Yes but* Kunming has following problems*: -
a. Different mandarin accent likely to throw off a beginning learner 
b. Too many foreigners so the locals have a way of either not engaging in mandarin or choosing to talk in English
c. Not very friendly locals
d. No compensation in the form of delicious food like for example Chongqing, Chengdu, Guangzhou or Shenzhen. I am a foodie!
So what do you think of this?


----------



## asadsjanjua (Mar 21, 2013)

So far my *eyes are set on Lanzhou*! Care to share your opinion on Lanzhou being the first city to land in China and starting the language & culture journey?


----------



## ashriley (Jul 15, 2015)

I think we can never define that whether a city is friendly unless we go there, right?
I am a foodie,too.Though I have never been to Kunming before ,I list it on my plant of the cities in China I have to travel. As the provincial capital of Yunnan,which have the biggest amount of minorities, I think the food there will never let me down. 
And Xi'an is a city with different kind of food I want to go ,too. Maybe another choice you can think about


----------



## asadsjanjua (Mar 21, 2013)

*My sources of Info!*



ashriley said:


> I think we can never define that whether a city is friendly unless we go there, right?
> I am a foodie,too.Though I have never been to Kunming before ,I list it on my plant of the cities in China I have to travel.

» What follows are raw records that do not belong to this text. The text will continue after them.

theorem theorem1:
  fixes M :: "('v, 'e) ncl" and ea eb :: 'e and ta tb :: bool
  assumes "ncl_machine M" and "ea \<in> edges M" and "eb \<in> edges M"
  shows "EE_NCL M ea ta eb tb \<longleftrightarrow> EE_ANCL M ea ta eb tb"
proof
  have sg: "simple_graph M" using assms(1) by (simp add: ncl_machine_def)
  then have fin: "finite (edges M)" by (simp add: simple_graph_def)
  {
    assume "EE_NCL M ea ta eb tb"
    then obtain A B where "legal M A" "A ea = ta" "B eb = tb" "(legal_move M)\<^sup>*\<^sup>* A B"
      unfolding EE_NCL_def by blast
    with schedule_of_legal_moves[OF _ _ sg] show "EE_ANCL M ea ta eb tb"
      unfolding EE_ANCL_def by fastforce
  }
  {
    assume "EE_ANCL M ea ta eb tb"
    then obtain T A R where vs: "valid_schedule M T A R" and "legal M A" "A ea = ta"
      and end_eb: "async_cfg A R T eb = Some tb"
      unfolding EE_ANCL_def by blast
    then obtain c where c: "async_cfg A R T \<subseteq>\<^sub>m (\<lambda>e. Some (c e))" "(legal_move M)\<^sup>*\<^sup>* A c"
      using reachable_completion_schedule_end[OF vs fin] by (auto simp: reachable_completion_def)
    have "legal M c" using vs c(1) by (auto simp: valid_schedule_def intro: legal_completion)
    moreover have "c eb = tb" using c(1) end_eb by (force simp: map_le_def)
    ultimately show "EE_NCL M ea ta eb tb"
      unfolding EE_NCL_def using \<open>legal M A\<close> \<open>A ea = ta\<close> c(2) by blast
  }
qed

end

As the provincial capital of Yunnan,which have the biggest amount of minorities, I think the food there will never let me down.
> And Xi'an is a city with different kind of food I want to go ,too. Maybe another choice you can think about


Right now I am basing my opinion on Youtube *videos by two gentlemen* i.e. *Austin Guidry and Winston (Serpentza)*. I trust most of their take on all things Chinese because of coherence with my opinion based on my stint with a Chinese company here in Pakistan. 
*In my view* best food -if you like spicy - is in Sichuan province (Chengdu & Chongqing) and most diversity in Guangdong province (Shenzhen & Guangzhou). *Tribal food* like Kunming is always less developed, mostly BBQ and boring!


----------



## cschrd2 (Oct 31, 2011)

My wife is from Yunnan and I can tell you from experience that the food can be great but stay away from the chains. Kunming used to be ok but turned to the worse because of all construction that comes with the growing wealth. If you travel a few hrs away from kunming your local again though and people (Na-si and Bai tribes) are just grea!


----------



## endtagster (Aug 20, 2015)

I would consider Shanghai. Good standard of living and good air quality.


----------